Monthly Archives: January 2012

What’s primary?

I have been pondering the word primary.  Today is the New Hampshire primary in preparation for the 2012 presidential elections.  There have been numerous debates in which the candidate’s position themselves and try to get more votes, to become the “primary” candidate for their party.

I have been fascinated by the candidates from the same party, supposedly with the same values, attempting to discredit and marginalize the others in the same party.  Not only is it fascinating,  it reminds me how similar it is to the life of the Church and for those who claim the name Christian.

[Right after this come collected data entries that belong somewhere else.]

(* Let $x_0,\dots,x_{T-1}\stackrel{\text{i.i.d.}}{\sim}\mathcal{N}(0,I_d)$ and $\phi_t=\operatorname{svec}(x_tx_t^\top)$. There exists a universal constant $c>0$ such that for every $\delta\in(0,1)$, if $T\ge c\,d^4\log\!\big(c\,\tfrac{d^2}{\delta}\big)$, then $$\mathbb{P}\left(\lambda_{\min}\Big(\sum_{t=0}^{T-1}\phi_t\phi_t^\top\Big)>T\right)\ge1-\delta.$$
   Context: $\operatorname{svec}$ maps a symmetric $d\times d$ matrix $M$ to the vector in $\mathbb{R}^{d(d+1)/2}$ listing its diagonal entries $M_{ii}$ and its entries $\sqrt{2}\,M_{ij}$ for $i<j$ (in a fixed order), so that $\|\operatorname{svec}(M)\|_2=\|M\|_F$. *)

theory Defs
  imports "HOL-Probability.Probability"
begin

text \<open>Index set of svec coordinates: pairs (i,j) with i \<le> j < d.
  Since lambda_min does not depend on the chosen ordering of coordinates, we index vectors and
  matrices directly by this finite set.\<close>
definition svec_idx :: "nat \<Rightarrow> (nat \<times> nat) set" where
  "svec_idx d = {(i, j). i \<le> j \<and> j < d}"

definition svec :: "(nat \<Rightarrow> nat \<Rightarrow> real) \<Rightarrow> nat \<times> nat \<Rightarrow> real" where
  "svec M = (\<lambda>(i, j). if i = j then M i i else sqrt 2 * M i j)"
lemma emeasure_gauss_vec_eq_nn_integral_gauss_sum_prob:
  fixes S :: "(nat \<Rightarrow> real) \<Rightarrow> real set"
  assumes "1 \<le> l" "l < k" "g 1 > 0" "\<forall>i\<in>{2..l}. g i \<ge> 0"
    and S_cong: "\<And>x x'. (\<forall>i\<in>{l+2..k}. x i = x' i) \<Longrightarrow> S x = S x'"
    and [measurable]: "\<And>x. S x \<in> sets borel" "C \<in> sets borel" "E \<in> sets (gauss_vec k)"
    and E_iff: "\<And>x. x \<in> space (gauss_vec k) \<Longrightarrow> x \<in> E \<longleftrightarrow> aTx g (l + 1) x \<in> S x \<and> aTx g l x \<in> C"
  shows "emeasure (gauss_vec k) E =
    (\<integral>\<^sup>+w. gauss_sum_prob (sqrt (anorm2 g l)) (sqrt (g (l + 1))) (S w) C \<partial>PiM {l+2..k} (\<lambda>_. std_gauss))"
proof -
  interpret product_sigma_finite "\<lambda>_::nat. std_gauss"
    by (simp add: product_sigma_finite_def prob_space_imp_sigma_finite prob_space_std_gauss)
  let ?i = "l + 1" and ?J = "{l+2..k}" and ?I = "{1..l}"
  let ?a = "sqrt (g (l + 1))"
  interpret sigma_finite_measure "PiM ?I (\<lambda>_. std_gauss)"
    by (rule prob_space_imp_sigma_finite[OF prob_space_PiM_std_gauss])
  have k: "{1..k} = insert ?i ?J \<union> ?I"
    using assms by auto
  have E [measurable]: "E \<in> sets (PiM (insert ?i ?J \<union> ?I) (\<lambda>_. std_gauss))"
    using assms k by (simp add: gauss_vec_def)
  have merge: "indicator E (merge (insert ?i ?J) ?I (w(?i := t), y))
      = indicator (S w) (aTx g l y + ?a * t) * (indicator C (aTx g l y) :: ennreal)"
    if w: "w \<in> space (PiM ?J (\<lambda>_. std_gauss))" and y: "y \<in> space (PiM ?I (\<lambda>_. std_gauss))" for w t y
  proof -
    define p where "p = merge (insert ?i ?J) ?I (w(?i := t), y)"
    have "w(?i := t) \<in> space (PiM (insert ?i ?J) (\<lambda>_. std_gauss))"
      by (rule measurable_space[OF measurable_component_update[OF w]]) auto
    then have "p \<in> space (PiM (insert ?i ?J \<union> ?I) (\<lambda>_. std_gauss))"
      unfolding p_def using y by (intro measurable_space[OF measurable_merge]) (simp add: space_pair_measure)
    then have "p \<in> space (gauss_vec k)"
      using k by (simp add: gauss_vec_def)
    moreover have "aTx g l p = aTx g l y"
      unfolding aTx_def p_def merge_def by (intro sum.cong) auto
    moreover have "p ?i = t"
      unfolding p_def merge_def by simp
    moreover have "S p = S w"
      by (rule S_cong) (auto simp: p_def merge_def)
    ultimately show ?thesis
      using E_iff[of p] unfolding p_def aTx_Suc by (simp add: indicator_def)
  qed
  have "emeasure (gauss_vec k) E = (\<integral>\<^sup>+x. indicator E x \<partial>PiM (insert ?i ?J \<union> ?I) (\<lambda>_. std_gauss))"
    unfolding gauss_vec_def k using E by (rule nn_integral_indicator[symmetric])
  also have "\<dots> = (\<integral>\<^sup>+x. (\<integral>\<^sup>+y. indicator E (merge (insert ?i ?J) ?I (x, y)) \<partial>PiM ?I (\<lambda>_. std_gauss))
      \<partial>PiM (insert ?i ?J) (\<lambda>_. std_gauss))"
    by (rule product_nn_integral_fold) measurable
  also have "\<dots> = (\<integral>\<^sup>+w. (\<integral>\<^sup>+t. (\<integral>\<^sup>+y. indicator E (merge (insert ?i ?J) ?I (w(?i := t), y))
      \<partial>PiM ?I (\<lambda>_. std_gauss)) \<partial>std_gauss) \<partial>PiM ?J (\<lambda>_. std_gauss))"
    by (rule product_nn_integral_insert) measurable
  also have "\<dots> = (\<integral>\<^sup>+w. (\<integral>\<^sup>+t. (\<integral>\<^sup>+u. ennreal (normal_density 0 (sqrt (anorm2 g l)) u) *
      (indicator (S w) (u + ?a * t) * indicator C u) \<partial>lborel) \<partial>std_gauss) \<partial>PiM ?J (\<lambda>_. std_gauss))"
  proof (intro nn_integral_cong)
    fix w t assume w: "w \<in> space (PiM ?J (\<lambda>_. std_gauss))"
    have "(\<integral>\<^sup>+y. indicator E (merge (insert ?i ?J) ?I (w(?i := t), y)) \<partial>PiM ?I (\<lambda>_. std_gauss))
        = (\<integral>\<^sup>+y. indicator (S w) (aTx g l y + ?a * t) * indicator C (aTx g l y) \<partial>PiM ?I (\<lambda>_. std_gauss))"
      by (rule nn_integral_cong) (rule merge[OF w])
    also have "\<dots> = (\<integral>\<^sup>+u. ennreal (normal_density 0 (sqrt (anorm2 g l)) u) *
        (indicator (S w) (u + ?a * t) * indicator C u) \<partial>lborel)"
      by (rule distributed_nn_integral[OF distributed_aTx[OF assms(1,3,4)], symmetric]) measurable
    finally show "(\<integral>\<^sup>+y. indicator E (merge (insert ?i ?J) ?I (w(?i := t), y)) \<partial>PiM ?I (\<lambda>_. std_gauss))
        = (\<integral>\<^sup>+u. ennreal (normal_density 0 (sqrt (anorm2 g l)) u) *
        (indicator (S w) (u + ?a * t) * indicator C u) \<partial>lborel)" .
  qed
  also have "\<dots> = (\<integral>\<^sup>+w. gauss_sum_prob (sqrt (anorm2 g l)) ?a (S w) C \<partial>PiM ?J (\<lambda>_. std_gauss))"
    unfolding gauss_sum_prob_def mult.assoc by (intro nn_integral_cong nn_integral_density) measurable
  finally show ?thesis .
qed
lemma restrict_V2_image:
  assumes "C1 \<noteq> {}"
  shows "(\<lambda>p. restrict p V2) ` C = C2"
proof
  show "(\<lambda>p. restrict p V2) ` C \<subseteq> C2" using restrict_V2 by blast
  show "C2 \<subseteq> (\<lambda>p. restrict p V2) ` C"
  proof
    fix p2 assume p2: "p2 \<in> C2"
    obtain p1 where p1: "p1 \<in> C1" using assms by blast
    have "restrict (glue V1 V2 c p1 p2) V2 = p2"
      using p2 glue_V2 unfolding conf_def PiE_def extensional_def by fastforce
    then show "p2 \<in> (\<lambda>p. restrict p V2) ` C"
      using glue_conf[OF p1 p2] by (metis image_eqI)
  qed
qed

theorem conf_connected_iff:
  assumes ne: "C \<noteq> {}"
  shows "connected C \<longleftrightarrow> connected C1 \<and> connected C2"
proof
  have restrict_cont: "continuous_on C (\<lambda>p::'v \<Rightarrow> complex. restrict p V)" for V
  proof (rule continuous_on_coordinatewise_then_product)
    fix v show "continuous_on C (\<lambda>p::'v \<Rightarrow> complex. restrict p V v)"
      by (cases "v \<in> V") (auto intro: continuous_on_subset[OF continuous_on_product_coordinates])
  qed
  have "C1 \<noteq> {}" "C2 \<noteq> {}" using ne restrict_V1 restrict_V2 by blast+
  moreover assume "connected C"
  ultimately show "connected C1 \<and> connected C2"
    using connected_continuous_image[OF restrict_cont] restrict_V1_image restrict_V2_image
    by metis
next
  assume "connected C1 \<and> connected C2"
  then have "connected (C1 \<times> C2)" by (simp add: connected_Times)
  then show "connected C"
    using connected_continuous_image[OF continuous_on_subset[OF continuous_on_glue]] glue_image
    by (metis subset_UNIV)
qed

end

theorem mainTheorem11:
  fixes V1 V2 :: "'v set" and E1 E2 :: "'e set" and ends :: "'e \<Rightarrow> 'v \<times> 'v"
    and l1 l2 l :: "'e \<Rightarrow> real" and s1 t1 s2 t2 :: 'v
  assumes "ttspg V1 E1 ends s1 t1" and "ttspg V2 E2 ends s2 t2"
    and "V1 \<inter> V2 = {s1}" and "t2 = s1" and "E1 \<inter> E2 = {}"
    and "\<forall>e\<in>E1. l1 e \<ge> 0" and "\<forall>e\<in>E2. l2 e \<ge> 0"
    and "\<forall>e\<in>E1. l e = l1 e" and "\<forall>e\<in>E2. l e = l2 e"
    and "topspace (moduli (V1 \<union> V2) (E1 \<union> E2) ends l) \<noteq> {}"
  shows "connected_space (moduli (V1 \<union> V2) (E1 \<union> E2) ends l) \<longleftrightarrow>
         connected_space (moduli V1 E1 ends l1) \<and> connected_space (moduli V2 E2 ends l2)"
proof -
  have en1: "edges_within V1 E1 ends" by (rule ttspg_edges_within[OF assms(1)])
  have en2: "edges_within V2 E2 ends" by (rule ttspg_edges_within[OF assms(2)])
  have en: "edges_within (V1 \<union> V2) (E1 \<union> E2) ends"
    using en1 en2 unfolding edges_within_def by blast
  interpret cut_vertex_gluing V1 V2 E1 E2 ends l1 l2 l s1
    using assms(3,8,9) en1 en2 by unfold_locales
  have "C \<noteq> {}"
    using assms(10) topspace_moduli[OF en] by (auto simp: quotient_def)
  then show ?thesis
    using conf_connected_iff moduli_connected_iff_conf_connected[OF en]
      moduli_connected_iff_conf_connected[OF en1] moduli_connected_iff_conf_connected[OF en2]
    by simp
qed

end
lemma expectation_finite_cong:
  assumes "finite (set_pmf p)" "\<And>x. x \<in> set_pmf p \<Longrightarrow> f x = g x"
  shows "E p f = E p g"
  unfolding expectation_finite_eq_sum[OF assms(1)] by (intro sum.cong) (auto simp: assms(2))

lemma expectation_finite_add:
  assumes "finite (set_pmf p)"
  shows "E p (\<lambda>x. f x + g x) = E p f + E p g"
  unfolding expectation_finite_eq_sum[OF assms] by (simp add: sum.distrib algebra_simps)

lemma expectation_finite_diff:
  assumes "finite (set_pmf p)"
  shows "E p (\<lambda>x. f x - g x) = E p f - E p g"
  unfolding expectation_finite_eq_sum[OF assms] by (simp add: sum_subtractf algebra_simps)

lemma expectation_finite_cmult:
  assumes "finite (set_pmf p)"
  shows "E p (\<lambda>x. c * f x) = c * E p f"
  unfolding expectation_finite_eq_sum[OF assms] by (simp add: sum_distrib_left algebra_simps)

lemma expectation_finite_sum_distrib:
  assumes "finite (set_pmf p)"
  shows "E p (\<lambda>x. \<Sum>k\<in>J. f k x) = (\<Sum>k\<in>J. E p (f k))"
  unfolding expectation_finite_eq_sum[OF assms] by (simp add: sum_distrib_left sum.swap[of _ J])

lemma expectation_bind_finite:
  assumes "finite (set_pmf p)" "\<And>x. x \<in> set_pmf p \<Longrightarrow> finite (set_pmf (f x))"
  shows "E (bind_pmf p f) h = E p (\<lambda>x. E (f x) h)"
  by (subst pmf_expectation_bind[of "set_pmf p"]) (auto simp: assms expectation_finite_eq_sum)

lemma expectation_finite_abs_le:
  assumes "finite (set_pmf p)"
  shows "\<bar>E p f\<bar> \<le> E p (\<lambda>x. \<bar>f x\<bar>)"
proof -
  have "E p f \<le> E p (\<lambda>x. \<bar>f x\<bar>)" "E p (\<lambda>x. (-1) * f x) \<le> E p (\<lambda>x. \<bar>f x\<bar>)"
    by (rule expectation_finite_mono[OF assms], simp)+
  then show ?thesis unfolding expectation_finite_cmult[OF assms] by linarith
qed

lemma expectation_finite_Cauchy_Schwarz:
  assumes "finite (set_pmf p)"
  shows "(E p (\<lambda>x. f x * g x))\<^sup>2 \<le> E p (\<lambda>x. (f x)\<^sup>2) * E p (\<lambda>x. (g x)\<^sup>2)"
proof -
  have "(\<Sum>x\<in>set_pmf p. (sqrt (pmf p x) * f x) * (sqrt (pmf p x) * g x))\<^sup>2
      \<le> (\<Sum>x\<in>set_pmf p. (sqrt (pmf p x) * f x)\<^sup>2) * (\<Sum>x\<in>set_pmf p. (sqrt (pmf p x) * g x)\<^sup>2)"
    by (rule Cauchy_Schwarz_ineq_sum)
  then show ?thesis unfolding expectation_finite_eq_sum[OF assms]
    by (simp add: power_mult_distrib pmf_nonneg algebra_simps)
qed

lemma expectation_finite_abs_le_sqrt:
  assumes "finite (set_pmf p)"
  shows "E p (\<lambda>x. \<bar>f x\<bar>) \<le> sqrt (E p (\<lambda>x. (f x)\<^sup>2))"
  using expectation_finite_Cauchy_Schwarz[OF assms, of "\<lambda>x. \<bar>f x\<bar>" "\<lambda>_. 1"]
  by (simp add: real_le_rsqrt)
definition col_vals :: "nat \<Rightarrow> (nat \<Rightarrow> real^'d) \<Rightarrow> 'd \<Rightarrow> real set" where
  "col_vals N x j = {x i $ j | i. i < N}"

definition abs_dot :: "real^'d \<Rightarrow> real^'d \<Rightarrow> real" where
  "abs_dot b p = (\<Sum>k\<in>UNIV. \<bar>b $ k\<bar> * \<bar>p $ k\<bar>)"

definition C_minus :: "real \<Rightarrow> nat \<Rightarrow> (nat \<Rightarrow> real^'d) \<Rightarrow> (nat \<Rightarrow> real) \<Rightarrow> real^'d \<Rightarrow> 'd \<Rightarrow> real \<Rightarrow> nat" where
  "C_minus \<epsilon> N x y \<beta> j v = card {i. i < N \<and> y i = -1 \<and> x i $ j = v \<and>
       1 + \<beta> \<bullet> x i \<ge> \<epsilon> * abs_dot \<beta> (x i)}"

definition C_plus :: "real \<Rightarrow> nat \<Rightarrow> (nat \<Rightarrow> real^'d) \<Rightarrow> (nat \<Rightarrow> real) \<Rightarrow> real^'d \<Rightarrow> 'd \<Rightarrow> real \<Rightarrow> nat" where
  "C_plus \<epsilon> N x y \<beta> j v = card {i. i < N \<and> y i = 1 \<and> x i $ j = v \<and>
       1 - \<beta> \<bullet> x i \<ge> \<epsilon> * abs_dot \<beta> (x i)}"

definition approx :: "real \<Rightarrow> real \<Rightarrow> real \<Rightarrow> bool" where
  "approx \<epsilon> Ch C \<longleftrightarrow> C / (1 + \<epsilon>) \<le> Ch \<and> Ch \<le> (1 + \<epsilon>) * C"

Individuals and churches work to distinguish themselves from each other.  Now, this is not necessarily a bad thing.  People have preferences in terms of style of worship, translation of the Bible and what kinds of programs are offered for members of their families.

What becomes problematic for me, is the way that human beings tear each other apart, insult and demonize each other in order to be on top, in order to be primary.  Churches, Christians and politicians often split hairs in order to come out on top, in order to prove they are “right” and to make their opponent “wrong”.  It angers me and it saddens me.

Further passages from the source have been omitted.